Configuration Center;

Recently busy project has been a long time no blog, the first 2 articles I gave you to build the foundation Springmvc+mybatis MAVEN Project, this simple framework has been able to deal with the general small projects. But there are many complex scenarios in our actual project, such as how to ensure performance when the data is very large.
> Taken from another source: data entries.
lemma grounded_defence_closure:
  assumes B: "finite B" and Y: "finite Y" "Y \<subseteq> L" and L: "L \<subseteq> grounded F att"
    and down: "(precedes (defended F att))\<inverse> `` L \<subseteq> L"
  obtains Z where "Y \<subseteq> Z" "Z \<subseteq> L" "finite Z"
    "\<forall>z\<in>Z. \<forall>b\<in>B. att b z \<longrightarrow> (\<exists>c\<in>Z. (c, z) \<in> precedes (defended F att) \<and> att c b)"
proof -
  define \<delta> where "\<delta> z b = (SOME c. (c, z) \<in> precedes (defended F att) \<and> att c b)" for z b
  have \<delta>: "(\<delta> z b, z) \<in> precedes (defended F att) \<and> att (\<delta> z b) b"
    if "z \<in> grounded F att" "att b z" for z b
    unfolding \<delta>_def using grounded_defended_by_predecessor[OF that] by (rule someI_ex)
  define S where "S = {(z, \<delta> z b) | z b. z \<in> grounded F att \<and> b \<in> B \<and> att b z}"
  define Z where "Z = S\<^sup>* `` Y"
  have branching: "finite (S `` {z})" for z
  proof (rule finite_subset)
    show "S `` {z} \<subseteq> \<delta> z ` B" unfolding S_def by blast
  qed (use B in simp)
  have "converse S \<subseteq> precedes (defended F att)" unfolding S_def using \<delta> by fastforce
  with wf_precedes_defended have Z_finite: "finite Z"
    unfolding Z_def using branching Y(1) by (rule finite_rtrancl_Image_if_wf)
  have "S `` L \<subseteq> L" unfolding S_def using \<delta> down by fastforce
  then have "S\<^sup>* `` L = L" by (rule Image_closed_trancl)
  then have ZL: "Z \<subseteq> L" unfolding Z_def using Y(2) by (metis Image_mono order_refl)
  have YZ: "Y \<subseteq> Z" unfolding Z_def by blast
  show thesis
  proof (rule that[OF YZ ZL Z_finite], intro ballI impI)
    fix z b assume z: "z \<in> Z" and b: "b \<in> B" "att b z"
    have "z \<in> grounded F att" using z ZL L by blast
    from \<delta>[OF this b(2)] have "(\<delta> z b, z) \<in> precedes (defended F att)" "att (\<delta> z b) b" by blast+
    moreover have "(z, \<delta> z b) \<in> S" unfolding S_def using \<open>z \<in> grounded F att\<close> b by blast
    then have "\<delta> z b \<in> Z" using z unfolding Z_def by (blast intro: rtrancl_into_rtrancl)
    ultimately show "\<exists>c\<in>Z. (c, z) \<in> precedes (defended F att) \<and> att c b" by blast
  qed
qed
lemma v_cauchy_if_geometric_steps:
  assumes r: "0 \<le> r" "r < 1" and s: "\<And>k. s k \<in> center"
    and step: "\<And>k. v (s (Suc k) - s k) \<le> r ^ k"
  shows "v_cauchy v s"
proof -
  have r_pow_mono: "r ^ N \<le> r ^ k" if "k \<le> N" for k N
    using power_decreasing[OF that r(1)] r(2) by simp
  have far: "v (s (k + m) - s k) \<le> r ^ k" for k m
  proof (induction m)
    case 0
    then show ?case using r(1) by simp
  next
    case (Suc m)
    have "v (s (k + Suc m) - s k) \<le> max (v (s (Suc (k + m)) - s (k + m))) (v (s (k + m) - s k))"
      using v_add_le_max[of "s (Suc (k + m)) - s (k + m)" "s (k + m) - s k"] s by simp
    then show ?case
      using Suc step[of "k + m"] r_pow_mono[of k "k + m"] by simp
  qed
  have close: "v (s m - s n) \<le> r ^ N" if "N \<le> m" "N \<le> n" for m n N
  proof (cases "n \<le> m")
    case True
    then show ?thesis
      using far[of n "m - n"] r_pow_mono[of N n] that by simp
  next
    case False
    then show ?thesis
      using far[of m "n - m"] r_pow_mono[of N m] that v_minus_commute s by simp
  qed
  show ?thesis
    unfolding v_cauchy_def
  proof (intro allI impI)
    fix e :: real
    assume "e > 0"
    then obtain N where "r ^ N < e"
      using real_arch_pow_inv r(2) by blast
    then show "\<exists>N. \<forall>m\<ge>N. \<forall>n\<ge>N. v (s m - s n) < e"
      using close by (meson order.strict_trans1)
  qed
qed

lemma v_tendsto_if_geometric:
  assumes r: "0 \<le> r" "r < 1" and bound: "\<And>k. v (s k - l) \<le> r ^ k"
  shows "v_tendsto v s l"
  unfolding v_tendsto_def
proof (intro allI impI)
  fix e :: real
  assume "e > 0"
  then obtain N where "r ^ N < e"
    using real_arch_pow_inv r(2) by blast
  moreover have "v (s k - l) \<le> r ^ N" if "N \<le> k" for k
    using bound[of k] power_decreasing[OF that r(1)] r(2) by simp
  ultimately show "\<exists>N. \<forall>k\<ge>N. v (s k - l) < e"
    by (meson order.strict_trans1)
qed

lemma v_tendsto_square_unique:
  assumes c: "l \<in> center" "u \<in> center" "\<And>k. s k \<in> center"
    and lim: "v_tendsto v s l" and bounded: "\<And>k. v (s k) \<le> 1"
    and sq: "v_tendsto v (\<lambda>k. s k * s k) u"
  shows "l * l = u"
proof (rule ccontr)
  assume "l * l \<noteq> u"
  define d where "d = v (l * l - u)"
  have "d > 0"
    using \<open>l * l \<noteq> u\<close> v_nonneg[of "l * l - u"] v_eq_0_iff[of "l * l - u"] c by (simp add: d_def)
  then obtain N1 N2 where N1: "\<forall>n\<ge>N1. v (s n - l) < min d 1" and N2: "\<forall>n\<ge>N2. v (s n * s n - u) < d"
    using lim sq unfolding v_tendsto_def by (meson less_numeral_extra(1) min_less_iff_conj)
  define a where "a = s (max N1 N2)"
  have ac: "a \<in> center"
    using c by (simp add: a_def)
  have la: "v (l - a) < min d 1"
    using N1[rule_format, of "max N1 N2"] v_minus_commute[of a l] ac c by (simp add: a_def)
  have "v (l + a) \<le> 1"
  proof -
    have "v (l + a) \<le> max (v (l - a)) (v (a + a))"
      using v_add_le_max[of "l - a" "a + a"] ac c by simp
    moreover have "v (a + a) \<le> v a"
      using v_add_le_max[of a a] ac by simp
    ultimately show ?thesis
      using la bounded[of "max N1 N2"] by (simp add: a_def max_def split: if_splits)
  qed
  then have "v ((l - a) * (l + a)) \<le> v (l - a)"
    using v_mult[of "l - a" "l + a"] v_nonneg[of "l - a"] ac c by (simp add: mult_left_le)
  then have "v ((l - a) * (l + a)) < d"
    using la by simp
  moreover have "v (a * a - u) < d"
    using N2 by (simp add: a_def)
  moreover have split: "l * l - u = (l - a) * (l + a) + (a * a - u)"
    using ac c by (simp add: algebra_simps center_mult_commute)
  have "v (l * l - u) \<le> max (v ((l - a) * (l + a))) (v (a * a - u))"
    unfolding split by (rule v_add_le_max) (use ac c in simp_all)
  ultimately have "v (l * l - u) < d"
    by simp
  then show False
    by (simp add: d_def)
qed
Today I will introduce to you the database sub-list optimization, this paper introduces MyBatis combined with Dangdang SHARDING-JDBC sub-database sub-table technology (principle here does not introduce)

First, the required dependencies are introduced in the Pom file

<dependency>
            <groupId>com.dangdang</groupId>
            <artifactid>sharding-jdbc-core </artifactId>
            <version>1.4.2</version>
        </dependency>
        <dependency>
            <groupId>com.dangdang</groupId>
            <artifactid>sharding-jdbc-config-spring</ artifactid>
            <version>1.4.0</version>
        </dependency>

Second, create a new Sharding-jdbc.xml file, to achieve the configuration of the sub-database sub-table

<?xml version= "1.0" encoding= "UTF-8"?> <beans xmlns= "Http://www.springframework.org/schema/beans" xmlns: Xsi= "Http://www.w3.org/2001/XMLSchema-instance" xmlns:context= "Http://www.springframework.org/schema/context" XM lns:tx= "Http://www.springframework.org/schema/tx" xmlns:rdb= "Http://www.dangdang.com/schema/ddframe/rdb" xsi: schemalocation= "Http://www.springframework.org/schema/beans http://www.springframework.org/schema/ Beans/spring-beans.xsd Http://www.springframework.org/schema/tx http://w 
                        Ww.springframework.org/schema/tx/spring-tx.xsd Http://www.springframework.org/schema/context Http://www.springframework.org/schema/context/spring-context.xsd Http://www.da
                
    Ngdang.com/schema/ddframe/rdb http://www.dangdang.com/schema/ddframe/rdb/rdb.xsd "> <rdb:strategy id= "TablEshardingstrategy "sharding-columns=" user_id "algorithm-class=" Com.meiren.member.common.sharding.MemberSingleKeyTableShardingAlgorithm "/> <rdb:data-source id=" Shardingda
                Tasource "> <rdb:sharding-rule data-sources=" DataSource "> <rdb:table-rules>  <rdb:table-rule logic-table= "Member_index" actual-tables= "member_index_tbl_${[0,1,2,3,4,5,6,7,8,9]}${0..9}" table-strategy= "Tableshardingstrategy"/> <rdb:table-rule logic-table= "Member_details" actual-tables= "Member_details_tbl_${[0,1,2,3,4,5,6,7,8,9]}${0..9}" table-strategy= "Tableshardingstrategy"/> </rdb:tab Le-rules> </rdb:sharding-rule> </rdb:data-source> <

Contact Us

The content source of this page is from Internet, which doesn't represent Alibaba Cloud's opinion; products and services mentioned on that page don't have any relationship with Alibaba Cloud. If the content of the page makes you feel confusing, please write us an email, we will handle the problem within 5 days after receiving your email.

If you find any instances of plagiarism from the community, please send an email to: info-contact@alibabacloud.com and provide relevant evidence. A staff member will contact you within 5 working days.

A Free Trial That Lets You Build Big!

Start building with 50+ products and up to 12 months usage for Elastic Compute Service

  • Sales Support

    1 on 1 presale consultation

  • After-Sales Support

    24/7 Technical Support 6 Free Tickets per Quarter Faster Response

  • Alibaba Cloud offers highly flexible support services tailored to meet your exact needs.